- _WHAT TO PRODUCE_: Copy every line of the data that contains the string "Otimes".

Stored items from a collection:
···

lemma sets_pre_sigma_mono_AE:
  assumes \<sigma>: "stopping_time F \<sigma>" and \<nu>: "stopping_time F \<nu>" and le: "AE \<omega> in M. \<sigma> \<omega> \<le> \<nu> \<omega>"
  shows "sets (pre_sigma \<sigma>) \<subseteq> sets (pre_sigma \<nu>)"
proof
  fix A assume A: "A \<in> sets (pre_sigma \<sigma>)"
  then have A_space: "A \<subseteq> space M" using sets.sets_into_space space_pre_sigma by blast
  have [measurable]: "\<sigma> \<in> borel_measurable M" "\<nu> \<in> borel_measurable M"
    using \<sigma> \<nu> by (auto intro: stopping_time_measurable)
  have N: "{\<omega>\<in>space M. \<not> \<sigma> \<omega> \<le> \<nu> \<omega>} \<in> null_sets M"
    using le by (subst (asm) AE_iff_null_sets) auto
  show "A \<in> sets (pre_sigma \<nu>)"
  proof (rule sets_pre_sigmaI[OF \<nu>])
    fix t
    have "{\<omega>\<in>A. \<nu> \<omega> \<le> t} =
        ({\<omega>\<in>A. \<sigma> \<omega> \<le> t} \<inter> {\<omega>\<in>space M. \<nu> \<omega> \<le> t}) \<union> {\<omega>\<in>A. \<nu> \<omega> \<le> t \<and> \<not> \<sigma> \<omega> \<le> t}"
      using A_space by auto
    moreover have "{\<omega>\<in>A. \<sigma> \<omega> \<le> t} \<in> sets (F t)" by (rule sets_pre_sigmaD[OF \<sigma> A])
    moreover have "{\<omega>\<in>space M. \<nu> \<omega> \<le> t} \<in> sets (F t)"
      using stopping_timeD[OF \<nu>, of t] by (auto simp: pred_def F_space)
    moreover have "{\<omega>\<in>A. \<nu> \<omega> \<le> t \<and> \<not> \<sigma> \<omega> \<le> t} \<in> sets (F t)"
      by (rule null_subset_in_F[OF _ N]) (use A_space in auto)
    ultimately show "{\<omega>\<in>A. \<nu> \<omega> \<le> t} \<in> sets (F t)" by auto
  qed
qed

lemma sets_pre_sigma_const: "sets (pre_sigma (\<lambda>_. t)) = sets (F t)"
proof
  show "sets (pre_sigma (\<lambda>_. t)) \<subseteq> sets (F t)"
    using sets_pre_sigmaD[OF stopping_time_const, of _ t t] by auto
  show "sets (F t) \<subseteq> sets (pre_sigma (\<lambda>_. t))"
  proof
    fix A assume A: "A \<in> sets (F t)"
    show "A \<in> sets (pre_sigma (\<lambda>_. t))"
    proof (rule sets_pre_sigmaI[OF stopping_time_const])
      fix s show "{\<omega>\<in>A. t \<le> s} \<in> sets (F s)"
        using A F_mono[of t s] by (cases "t \<le> s") auto
    qed
  qed
qed

lemma stopping_time_add_const:
  assumes "stopping_time F \<nu>" "0 \<le> c"
  shows "stopping_time F (\<lambda>\<omega>. \<nu> \<omega> + c)"
proof (rule stopping_timeI)
  fix t
  have "Measurable.pred (F t) (\<lambda>\<omega>. \<nu> \<omega> \<le> t - c)"
    using stopping_time_le_const[OF assms(1)] assms(2) by simp
  then show "Measurable.pred (F t) (\<lambda>\<omega>. \<nu> \<omega> + c \<le> t)" by (simp add: le_diff_eq)
qed

lemma borel_measurable_min_stopping_time:
  assumes "stopping_time F \<rho>"
  shows "(\<lambda>\<omega>. min (\<rho> \<omega>) r) \<in> borel_measurable (F r)"
proof (rule borel_measurableI_le)
  fix c
  show "{\<omega> \<in> space (F r). min (\<rho> \<omega>) r \<le> c} \<in> sets (F r)"
  proof (cases "r \<le> c")
    case True
    then have "{\<omega> \<in> space (F r). min (\<rho> \<omega>) r \<le> c} = space (F r)" by auto
    then show ?thesis by simp
  next
    case False
    then have "{\<omega> \<in> space (F r). min (\<rho> \<omega>) r \<le> c} = {\<omega> \<in> space (F r). \<rho> \<omega> \<le> c}" by auto
    also have "\<dots> \<in> sets (F r)"
      using stopping_time_le_const[OF assms, of c r] False by (simp add: pred_def)
    finally show ?thesis .
  qed
qed

lemma borel_measurable_pre_sigma_indicator_less:
  assumes "stopping_time F \<nu>"
  shows "(\<lambda>\<omega>. indicator {\<omega>. \<nu> \<omega> < c} \<omega> :: real) \<in> borel_measurable (pre_sigma \<nu>)"
proof -
  have [measurable]: "\<nu> \<in> borel_measurable (pre_sigma \<nu>)"
    by (rule measurable_stopping_time_pre_sigma[OF assms])
  show ?thesis unfolding indicator_def by measurable
qed

lemma borel_measurable_F_pathwise_integral_min:
  fixes h :: "real \<Rightarrow> 'a \<Rightarrow> real"
  assumes h: "progressive F T h" and \<rho>: "stopping_time F \<rho>" and \<nu>: "stopping_time F \<nu>"
    and \<rho>_nonneg: "\<And>\<omega>. \<omega> \<in> space M \<Longrightarrow> 0 \<le> \<rho> \<omega>" and r: "0 \<le> r" "r \<le> T"
  shows "pathwise_integral h (\<lambda>\<omega>. min (\<rho> \<omega>) r) (\<lambda>\<omega>. min (\<nu> \<omega>) r) \<in> borel_measurable (F r)"
  unfolding pathwise_integral_def
proof (rule borel_measurable_set_integral_Icc)
  show "(\<lambda>(s, \<omega>). h s \<omega>) \<in> borel_measurable (restrict_space borel {0..r} \<Otimes>\<^sub>M F r)"
    using h r unfolding progressive_def by auto
  show "(\<lambda>\<omega>. min (\<rho> \<omega>) r) \<in> borel_measurable (F r)" "(\<lambda>\<omega>. min (\<nu> \<omega>) r) \<in> borel_measurable (F r)"
    using \<rho> \<nu> by (auto intro: borel_measurable_min_stopping_time)
  show "0 \<le> min (\<rho> \<omega>) r \<and> min (\<nu> \<omega>) r \<le> r" if "\<omega> \<in> space (F r)" for \<omega>
    using \<rho>_nonneg[of \<omega>] that r by (simp add: F_space)
qed (use r in simp)

lemma borel_measurable_pre_sigma_pathwise_integral_strict:
  fixes h :: "real \<Rightarrow> 'a \<Rightarrow> real"
  assumes h: "progressive F T h" and \<rho>: "stopping_time F \<rho>" and \<nu>: "stopping_time F \<nu>"
    and order: "\<And>\<omega>. \<omega> \<in> space M \<Longrightarrow> 0 \<le> \<rho> \<omega> \<and> \<rho> \<omega> \<le> \<nu> \<omega> \<and> \<nu> \<omega> \<le> T"
  shows "pathwise_integral h \<rho> \<nu> \<in> borel_measurable (pre_sigma \<nu>)"
proof (rule measurableI)
  fix B :: "real set" assume B: "B \<in> sets borel"
  let ?A = "pathwise_integral h \<rho> \<nu> -` B \<inter> space (pre_sigma \<nu>)"
  obtain \<omega>0 where "\<omega>0 \<in> space M" using not_empty by blast
  then have "0 \<le> T" using order by force
  show "?A \<in> sets (pre_sigma \<nu>)"
  proof (rule sets_pre_sigmaI[OF \<nu>])
    fix t
    show "{\<omega> \<in> ?A. \<nu> \<omega> \<le> t} \<in> sets (F t)"
    proof (cases "t < 0")
      case True
      have "{\<omega> \<in> ?A. \<nu> \<omega> \<le> t} = {}"
      proof (rule equals0I)
        fix \<omega> assume "\<omega> \<in> {\<omega> \<in> ?A. \<nu> \<omega> \<le> t}"
        then have "\<omega> \<in> space M" "\<nu> \<omega> \<le> t" by (auto simp: space_pre_sigma)
        with order True show False by force
      qed
      then show ?thesis by (metis sets.empty_sets)
    next
      case False
      \<comment> \<open>On the event where nu is at most t, only the paths up to r = min t T enter the integral.\<close>
      define r where "r = min t T"
      have r: "0 \<le> r" "r \<le> T" "r \<le> t" using False \<open>0 \<le> T\<close> by (auto simp: r_def)
      define f where "f = pathwise_integral h (\<lambda>\<omega>. min (\<rho> \<omega>) r) (\<lambda>\<omega>. min (\<nu> \<omega>) r)"
      have "f -` B \<inter> space (F r) \<in> sets (F t)"
        using measurable_sets[OF borel_measurable_F_pathwise_integral_min[OF h \<rho> \<nu> _ r(1,2)] B]
          F_mono[OF r(3)] order by (auto simp: f_def)
      moreover have "{\<omega>\<in>space (F t). \<nu> \<omega> \<le> t} \<in> sets (F t)"
        using stopping_timeD[OF \<nu>, of t] by (auto simp: pred_def)
      moreover have "f \<omega> = pathwise_integral h \<rho> \<nu> \<omega>" if "\<omega> \<in> space M" "\<nu> \<omega> \<le> t" for \<omega>
        using order[OF that(1)] that(2) by (simp add: f_def r_def pathwise_integral_def)
      then have "{\<omega> \<in> ?A. \<nu> \<omega> \<le> t} = (f -` B \<inter> space (F r)) \<inter> {\<omega>\<in>space (F t). \<nu> \<omega> \<le> t}"
        by (auto simp: F_space space_pre_sigma)
      ultimately show ?thesis by auto
    qed
  qed
qed simp

lemma borel_measurable_pre_sigma_pathwise_integral:
  fixes h :: "real \<Rightarrow> 'a \<Rightarrow> real"
  assumes h: "progressive F T h" and \<rho>: "stopping_time F \<rho>" and \<nu>: "stopping_time F \<nu>"
    and order: "AE \<omega> in M. 0 \<le> \<rho> \<omega> \<and> \<rho> \<omega> \<le> \<nu> \<omega> \<and> \<nu> \<omega> \<le> T"
  shows "pathwise_integral h \<rho> \<nu> \<in> borel_measurable (pre_sigma \<nu>)"
proof -
  \<comment> \<open>Clip the times so that the order holds everywhere; this changes nothing almost surely.\<close>
  define \<nu>' where "\<nu>' \<omega> = max 0 (min (\<nu> \<omega>) T)" for \<omega>
  define \<rho>' where "\<rho>' \<omega> = max 0 (min (\<rho> \<omega>) (\<nu>' \<omega>))" for \<omega>
  have \<nu>': "stopping_time F \<nu>'" unfolding \<nu>'_def
    by (intro stopping_time_max stopping_time_min stopping_time_const \<nu>)
  have \<rho>': "stopping_time F \<rho>'" unfolding \<rho>'_def
    by (intro stopping_time_max stopping_time_min stopping_time_const \<rho> \<nu>')
  have "AE \<omega> in M. 0 \<le> T" using order by eventually_elim auto
  then have "0 \<le> T" by simp
  then have "pathwise_integral h \<rho>' \<nu>' \<in> borel_measurable (pre_sigma \<nu>')"
    by (intro borel_measurable_pre_sigma_pathwise_integral_strict[OF h \<rho>' \<nu>'])
      (simp add: \<rho>'_def \<nu>'_def)
  moreover have clipped: "AE \<omega> in M. \<nu>' \<omega> = \<nu> \<omega> \<and> \<rho>' \<omega> = \<rho> \<omega>"
    using order by eventually_elim (simp add: \<rho>'_def \<nu>'_def)
  then have "sets (pre_sigma \<nu>') = sets (pre_sigma \<nu>)"
    by (intro antisym sets_pre_sigma_mono_AE \<nu>' \<nu>) (auto elim: eventually_mono)
  ultimately have "pathwise_integral h \<rho>' \<nu>' \<in> borel_measurable (pre_sigma \<nu>)"
    by (simp cong: measurable_cong_sets)
  moreover have "AE \<omega> in M. pathwise_integral h \<rho>' \<nu>' \<omega> = pathwise_integral h \<rho> \<nu> \<omega>"
    using clipped by eventually_elim (simp add: pathwise_integral_def)
  ultimately show ?thesis by (rule borel_measurable_pre_sigma_AE_cong[OF \<nu>])
qed

lemma set_borel_measurable_progressive_path:
  fixes h :: "real \<Rightarrow> 'a \<Rightarrow> real"
  assumes h: "progressive F T h" and "0 \<le> T" and \<omega>: "\<omega> \<in> space M"
  shows "set_borel_measurable lborel {0..T} (\<lambda>s. h s \<omega>)"
proof -
  have h_T: "(\<lambda>(s, \<omega>). h s \<omega>) \<in> borel_measurable (restrict_space borel {0..T} \<Otimes>\<^sub>M F T)"
    using h \<open>0 \<le> T\<close> unfolding progressive_def by auto
  have "(\<lambda>s. (s, \<omega>)) \<in> restrict_space borel {0..T} \<rightarrow>\<^sub>M restrict_space borel {0..T} \<Otimes>\<^sub>M F T"
    using \<omega> by (intro measurable_Pair measurable_ident_sets[OF refl] measurable_const) (auto simp: F_space)
  from measurable_compose[OF this h_T]
  have "(\<lambda>s. h s \<omega>) \<in> borel_measurable (restrict_space borel {0..T})" by simp
  then show ?thesis
    unfolding set_borel_measurable_def by (subst (asm) borel_measurable_restrict_space_iff) auto
qed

···

- _RESPONSE FOR THIS EXERCISE_:
  show "(\<lambda>(s, \<omega>). h s \<omega>) \<in> borel_measurable (restrict_space borel {0..r} \<Otimes>\<^sub>M F r)"
  have h_T: "(\<lambda>(s, \<omega>). h s \<omega>) \<in> borel_measurable (restrict_space borel {0..T} \<Otimes>\<^sub>M F T)"
  have "(\<lambda>s. (s, \<omega>)) \<in> restrict_space borel {0..T} \<rightarrow>\<^sub>M restrict_space borel {0..T} \<Otimes>\<^sub>M F T"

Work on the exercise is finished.